Remember weighted averaging? Stacking is about using DS models to estimate those weights for us. This means we'll have one layer of base estimators and another layer that is "**trained to optimally combine the model predictions to form a new set of predictions**". See [this short blog post](https://blogs.sas.com/content/subconsciousmusings/2017/05/18/stacked-ensemble-models-win-data-science-competitions/) for more.

## Initial Data Prep

In [None]:
import xlrd
import os
wb = xlrd.open_workbook('data/Sales Report.xls',
                        logfile=open(os.devnull, 'w'))

sales = pd.read_excel(wb)
sales = sales.dropna()

In [None]:
sales.dtypes

In [None]:
sales['Category'].value_counts()

In [None]:
sales['Sub-Category'].value_counts()

In [None]:
X_num = sales[['Discount', 'Profit']].columns
X_cat = sales[['Category', 'Sub-Category']].columns

In [None]:
X = sales[['Discount', 'Profit',
          'Category', 'Sub-Category']]
y = sales['Sales']

In [None]:
X_train, X_test, y_train, y_test = train_test_split(X, y, random_state=42)

## Setting Up a Pipeline

In [None]:
numTrans = Pipeline(steps=[
    ('scaler', StandardScaler())
])
catTrans = Pipeline(steps=[
    ('ohe', OneHotEncoder(drop='first',
                          sparse=False))
])

In [None]:
pp = ColumnTransformer(transformers=[
    ('num', numTrans, X_num),
    ('cat', catTrans, X_cat)
])

In [None]:
pp.fit(X_train)

In [None]:
X_tr_pp = pp.transform(X_train)

## Setting Up a Stack

In [None]:
estimators = [
    ('lr', LinearRegression()),
    ('knn', KNeighborsRegressor()),
    ('dt', DecisionTreeRegressor())
]

sr = StackingRegressor(estimators)

In [None]:
sr.fit(X_tr_pp, y_train)

In [None]:
X_test_pp = pp.transform(X_test)

In [None]:
sr.score(X_test_pp, y_test)

## Comparison with Base Estimators

In [None]:
lr = LinearRegression().fit(X_tr_pp, y_train)
lr.score(X_test_pp, y_test)

In [None]:
knn = KNeighborsRegressor().fit(X_tr_pp, y_train)
knn.score(X_test_pp, y_test)

In [None]:
rt = DecisionTreeRegressor().fit(X_tr_pp, y_train)
rt.score(X_test_pp, y_test)

### Pros and Cons of Random forests 
**Pros:**
* Strong performance because this is an ensemble algorithm, the model is naturally resistant to noise and variance in the data, and generally tends to perform quite well.

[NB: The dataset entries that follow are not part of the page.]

lemmas abelian_ker_coker =
  abelian[unfolded abelian_category_def, THEN conjunct2, THEN conjunct2, THEN conjunct2, THEN conjunct1]
lemmas abelian_mono_is_ker =
  abelian[unfolded abelian_category_def, THEN conjunct2, THEN conjunct2, THEN conjunct2, THEN conjunct2, THEN conjunct1]
lemmas abelian_epi_is_coker =
  abelian[unfolded abelian_category_def, THEN conjunct2, THEN conjunct2, THEN conjunct2, THEN conjunct2, THEN conjunct2]

lemma has_ker: "f \<in> hom C x y \<Longrightarrow> \<exists>k. is_kernel C f k" using abelian_ker_coker hom_arr by blast
lemma mono_ker: "is_mono C f \<Longrightarrow> \<exists>g. is_kernel C g f" using abelian_mono_is_ker by blast
lemma epi_coker: "is_epi C f \<Longrightarrow> \<exists>g. is_cokernel C g f" using abelian_epi_is_coker by blast

lemma ker_dom: "is_kernel C f k \<Longrightarrow> Cod C k = Dom C f" unfolding is_kernel_def by blast
lemma ker_arr: "is_kernel C f k \<Longrightarrow> f \<in> Arr C" unfolding is_kernel_def by blast
lemma coker_cod: "is_cokernel C f q \<Longrightarrow> Dom C q = Cod C f" unfolding is_cokernel_def by blast
lemma coker_arr: "is_cokernel C f q \<Longrightarrow> f \<in> Arr C" unfolding is_cokernel_def by blast

lemma ker_hom: "is_kernel C f k \<Longrightarrow> f \<in> hom C x y \<Longrightarrow> k \<in> hom C (Dom C k) x"
  unfolding is_kernel_def hom_def by auto
lemma ker_zero: "is_kernel C f k \<Longrightarrow> f \<in> hom C x y \<Longrightarrow> f \<cdot> k = Zer C (Dom C k) y"
  unfolding is_kernel_def hom_def by auto

lemma ker_univ:
  assumes "is_kernel C f k" "f \<in> hom C x y" "g \<in> hom C w x" "f \<cdot> g = Zer C w y"
  shows "\<exists>!h. h \<in> hom C w (Dom C k) \<and> k \<cdot> h = g"
proof -
  have "\<forall>w g. g \<in> hom C w (Dom C f) \<longrightarrow> f \<cdot> g = Zer C w (Cod C f) \<longrightarrow>
      (\<exists>!h. h \<in> hom C w (Dom C k) \<and> k \<cdot> h = g)"
    using assms(1) unfolding is_kernel_def by blast
  then show ?thesis using assms(3,4) unfolding hom_dom[OF assms(2)] hom_cod[OF assms(2)] by blast
qed

lemma ker_fact:
  "is_kernel C f k \<Longrightarrow> f \<in> hom C x y \<Longrightarrow> g \<in> hom C w x \<Longrightarrow> f \<cdot> g = Zer C w y
   \<Longrightarrow> \<exists>h\<in>hom C w (Dom C k). k \<cdot> h = g"
  using ker_univ by blast

lemma coker_hom: "is_cokernel C f q \<Longrightarrow> f \<in> hom C x y \<Longrightarrow> q \<in> hom C y (Cod C q)"
  unfolding is_cokernel_def hom_def by auto
lemma coker_zero: "is_cokernel C f q \<Longrightarrow> f \<in> hom C x y \<Longrightarrow> q \<cdot> f = Zer C x (Cod C q)"
  unfolding is_cokernel_def hom_def by auto

lemma coker_univ:
  assumes "is_cokernel C f q" "f \<in> hom C x y" "g \<in> hom C y w" "g \<cdot> f = Zer C x w"
  shows "\<exists>!h. h \<in> hom C (Cod C q) w \<and> h \<cdot> q = g"
proof -
  have "\<forall>w g. g \<in> hom C (Cod C f) w \<longrightarrow> g \<cdot> f = Zer C (Dom C f) w \<longrightarrow>
      (\<exists>!h. h \<in> hom C (Cod C q) w \<and> h \<cdot> q = g)"
    using assms(1) unfolding is_cokernel_def by blast
  then show ?thesis using assms(3,4) unfolding hom_dom[OF assms(2)] hom_cod[OF assms(2)] by blast
qed

lemma coker_fact:
  "is_cokernel C f q \<Longrightarrow> f \<in> hom C x y \<Longrightarrow> g \<in> hom C y w \<Longrightarrow> g \<cdot> f = Zer C x w
   \<Longrightarrow> \<exists>h\<in>hom C (Cod C q) w. h \<cdot> q = g"
  using coker_univ by blast

text \<open>Kernels are monic and cokernels are epic, by uniqueness in the universal property.\<close>

lemma ker_mono:
  assumes "is_kernel C f k"
  shows "is_mono C k"
  unfolding is_mono_def
proof (intro conjI allI impI)
  show "k \<in> Arr C" using assms unfolding is_kernel_def by blast
  have f: "f \<in> hom C (Dom C f) (Cod C f)" using assms arr_in_hom unfolding is_kernel_def by blast
  have k: "k \<in> hom C (Dom C k) (Dom C f)" using ker_hom[OF assms f] .
  fix w g h assume g: "g \<in> hom C w (Dom C k)" and h: "h \<in> hom C w (Dom C k)" and e: "k \<cdot> g = k \<cdot> h"
  have kg: "k \<cdot> g \<in> hom C w (Dom C f)" using comp[OF g k] .
  have "f \<cdot> (k \<cdot> g) = Zer C (Dom C k) (Cod C f) \<cdot> g" using assoc[OF g k f] ker_zero[OF assms f] by simp
  also have "\<dots> = Zer C w (Cod C f)" using comp_zero_l[OF g hom_obj2[OF f]] .
  finally have "\<exists>!h'. h' \<in> hom C w (Dom C k) \<and> k \<cdot> h' = k \<cdot> g" using ker_univ[OF assms f kg] by simp
  from the1_equality[OF this, of g] the1_equality[OF this, of h] show "g = h" using g h e by simp
qed

lemma coker_epi:
  assumes "is_cokernel C f q"
  shows "is_epi C q"
  unfolding is_epi_def
proof (intro conjI allI impI)
  show "q \<in> Arr C" using assms unfolding is_cokernel_def by blast
  have f: "f \<in> hom C (Dom C f) (Cod C f)" using assms arr_in_hom unfolding is_cokernel_def by blast
  have q: "q \<in> hom C (Cod C f) (Cod C q)" using coker_hom[OF assms f] .
  fix w g h assume g: "g \<in> hom C (Cod C q) w" and h: "h \<in> hom C (Cod C q) w" and e: "g \<cdot> q = h \<cdot> q"
  have gq: "g \<cdot> q \<in> hom C (Cod C f) w" using comp[OF q g] .
  have "(g \<cdot> q) \<cdot> f = g \<cdot> Zer C (Dom C f) (Cod C q)" using assoc[OF f q g] coker_zero[OF assms f] by simp
  also have "\<dots> = Zer C (Dom C f) w" using comp_zero_r[OF g hom_obj1[OF f]] .
  finally have "\<exists>!h'. h' \<in> hom C (Cod C q) w \<and> h' \<cdot> q = g \<cdot> q" using coker_univ[OF assms f gq] by simp
  from the1_equality[OF this, of g] the1_equality[OF this, of h] show "g = h" using g h e by simp
qed

lemma mono_canc:
  "is_mono C m \<Longrightarrow> g \<in> hom C w (Dom C m) \<Longrightarrow> h \<in> hom C w (Dom C m) \<Longrightarrow> m \<cdot> g = m \<cdot> h \<Longrightarrow> g = h"
  unfolding is_mono_def by blast
lemma epi_canc:
  "is_epi C e \<Longrightarrow> g \<in> hom C (Cod C e) w \<Longrightarrow> h \<in> hom C (Cod C e) w \<Longrightarrow> g \<cdot> e = h \<cdot> e \<Longrightarrow> g = h"
  unfolding is_epi_def by blast

lemma mono_comp:
  assumes "is_mono C m" "is_mono C n" "m \<in> hom C x y" "n \<in> hom C z x"
  shows "is_mono C (m \<cdot> n)"
  unfolding is_mono_def
proof (intro conjI allI impI)
  have mn: "m \<cdot> n \<in> hom C z y" using comp[OF assms(4,3)] .
  then show "m \<cdot> n \<in> Arr C" by (rule hom_arr)
  fix w g h assume g: "g \<in> hom C w (Dom C (m \<cdot> n))" and h: "h \<in> hom C w (Dom C (m \<cdot> n))"
    and e: "(m \<cdot> n) \<cdot> g = (m \<cdot> n) \<cdot> h"
  have g': "g \<in> hom C w z" and h': "h \<in> hom C w z" using g h hom_dom[OF mn] by simp_all
  have "m \<cdot> (n \<cdot> g) = m \<cdot> (n \<cdot> h)" using e assoc[OF g' assms(4,3)] assoc[OF h' assms(4,3)] by simp
  moreover have "n \<cdot> g \<in> hom C w (Dom C m)" "n \<cdot> h \<in> hom C w (Dom C m)"
    using comp[OF g' assms(4)] comp[OF h' assms(4)] hom_dom[OF assms(3)] by simp_all
  ultimately have "n \<cdot> g = n \<cdot> h" using mono_canc[OF assms(1)] by blast
  moreover have "g \<in> hom C w (Dom C n)" "h \<in> hom C w (Dom C n)" using g' h' hom_dom[OF assms(4)] by simp_all
  ultimately show "g = h" using mono_canc[OF assms(2)] by blast
qed
lemma power_eq_power_iff_mod_mult_order:
  fixes x :: "'a::{field,finite}"
  assumes "x \<noteq> 0"
  shows "x ^ i = x ^ j \<longleftrightarrow> i mod mult_order x = j mod mult_order x"
proof -
  have *: "x ^ i = x ^ j \<longleftrightarrow> i mod mult_order x = j mod mult_order x" if "i \<le> j" for i j
  proof -
    have "x ^ j = x ^ i * x ^ (j - i)" using that by (simp flip: power_add)
    hence "x ^ i = x ^ j \<longleftrightarrow> x ^ (j - i) = 1" using assms by auto
    also have "\<dots> \<longleftrightarrow> mult_order x dvd j - i" by (rule power_eq_one_iff_mult_order_dvd[OF assms])
    also have "\<dots> \<longleftrightarrow> i mod mult_order x = j mod mult_order x"
      using mod_eq_dvd_iff_nat[OF that] by metis
    finally show ?thesis .
  qed
  show ?thesis using *[of i j] *[of j i] by (cases "i \<le> j") auto
qed

lemma mult_order_eqI:
  fixes x :: "'a::{field,finite}"
  assumes "x \<noteq> 0" and "\<And>j. x ^ j = 1 \<longleftrightarrow> d dvd j"
  shows "mult_order x = d"
  using assms power_eq_one_iff_mult_order_dvd[OF assms(1)] by (metis dvd_antisym dvd_refl)

lemma mult_order_power_dvd:
  fixes x :: "'a::{field,finite}"
  assumes "x \<noteq> 0"
  shows "mult_order (x ^ k) dvd mult_order x"
proof -
  have "(x ^ k) ^ mult_order x = (x ^ mult_order x) ^ k"
    by (simp add: mult.commute flip: power_mult)
  hence "(x ^ k) ^ mult_order x = 1" using mult_order_pos_power_eq_one(2)[OF assms] by simp
  thus ?thesis using assms by (simp add: power_eq_one_iff_mult_order_dvd)
qed
lemma lsSEP_iff_determined_loops:
  "lsSEP V E H M P TYPE('w) TYPE('n) \<longleftrightarrow>
    (\<exists>(\<Omega> :: 'w measure) (N :: 'v set \<Rightarrow> 'n measure) Ev X.
      prob_space \<Omega> \<and>
      (\<forall>F\<in>maxH H. standard_borel (N F) \<and> Ev F \<in> measurable \<Omega> (N F)) \<and>
      prob_space.indep_vars \<Omega> N Ev (maxH H) \<and>
      (\<forall>v\<in>V. X v \<in> measurable \<Omega> (M v)) \<and>
      distr \<Omega> (PiM V M) (\<lambda>\<omega>. restrict (\<lambda>v. X v \<omega>) V) = P \<and>
      (\<forall>S. is_loop V E S \<longrightarrow>
        (\<forall>v\<in>S. determined \<Omega> M N X Ev v (Pa E S - S) {F \<in> maxH H. F \<inter> S \<noteq> {}})))"
  (is "_ \<longleftrightarrow> (\<exists>\<Omega> N Ev X. ?noise \<Omega> N Ev X \<and> ?loops \<Omega> N Ev X)")
proof
  assume "lsSEP V E H M P TYPE('w) TYPE('n)"
  then show "\<exists>\<Omega> N Ev X. ?noise \<Omega> N Ev X \<and> ?loops \<Omega> N Ev X"
    unfolding lsSEP_def determined_def by blast
next
  assume "\<exists>\<Omega> N Ev X. ?noise \<Omega> N Ev X \<and> ?loops \<Omega> N Ev X"
  then obtain \<Omega> N Ev X where noise: "?noise \<Omega> N Ev X" and loops: "?loops \<Omega> N Ev X"
    by blast
  let ?g = "\<lambda>S v. solving_map \<Omega> M N X Ev v (Pa E S - S) {F \<in> maxH H. F \<inter> S \<noteq> {}}"
  let ?f = "\<lambda>v. solving_map \<Omega> M N X Ev v (Pa E {v}) {F \<in> maxH H. v \<in> F}"
  text \<open>The structural equation of v is the solution of the singleton loop {v}.\<close>
  have singleton: "determined \<Omega> M N X Ev v (Pa E {v}) {F \<in> maxH H. v \<in> F}" if "v \<in> V" for v
  proof (rule determined_mono)
    show "determined \<Omega> M N X Ev v (Pa E {v} - {v}) {F \<in> maxH H. F \<inter> {v} \<noteq> {}}"
      using loops is_loop_singleton[OF that] by blast
  qed auto
  show "lsSEP V E H M P TYPE('w) TYPE('n)"
    unfolding lsSEP_def
  proof (intro exI[of _ \<Omega>] exI[of _ N] exI[of _ Ev] exI[of _ ?f] exI[of _ X] exI[of _ ?g]
      conjI ballI allI impI)
  qed (use noise loops singleton in \<open>auto intro: solving_map\<close>)
qed

section \<open>Marginalization\<close>

definition marg_hyperedge :: "'v set \<Rightarrow> ('v \<times> 'v) set \<Rightarrow> 'v set \<Rightarrow> 'v set \<Rightarrow> 'v set" where
  "marg_hyperedge V E W F = {s \<in> V - W. s \<in> F \<or> (\<exists>u\<in>F \<inter> W. (u, s) \<in> via E W)}"

lemma marg_hyperedge_in_margH:
  assumes "F \<in> H" "F \<subseteq> V"
  shows "marg_hyperedge V E W F \<in> margH V E H W"
  unfolding margH_def
proof (intro CollectI conjI bexI[of _ F] ballI)
  show "marg_hyperedge V E W F \<subseteq> V - W" "F \<subseteq> marg_hyperedge V E W F \<union> W"
    using assms(2) unfolding marg_hyperedge_def by blast+
  show "s \<in> F - W \<or> (\<exists>u\<in>F. u \<in> W \<and> (u, s) \<in> via E W)" if "s \<in> marg_hyperedge V E W F" for s
    using that unfolding marg_hyperedge_def by blast
qed (rule assms(1))

lemma finite_margH: "finite V \<Longrightarrow> finite (margH V E H W)"
  by (rule finite_subset[of _ "Pow (V - W)"]) (auto simp: margH_def)

lemma ex_maxH_superset:
  assumes "finite H" "F \<in> H"
  shows "\<exists>F'\<in>maxH H. F \<subseteq> F'"
proof -
  obtain m where "m \<in> H" "F \<subseteq> m" "\<forall>b\<in>H. m \<subseteq> b \<longrightarrow> m = b"
    using finite_has_maximal2[OF assms] by blast
  then show ?thesis unfolding maxH_def by auto
qed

* Interpretability: each tree in the random forest is a Glass-Box Model (meaning that the model is interpretable, allowing us to see how it arrived at a certain decision), the overall random forest is, as well!

**Cons:**
* Computational complexity: On large datasets, the runtime can be quite slow compared to other algorithms.

* Memory usage: Random forests tend to have a larger memory footprint that other models. It's not uncommon to see random forests that were trained on large datasets have memory footprints in the tens, or even hundreds of MB.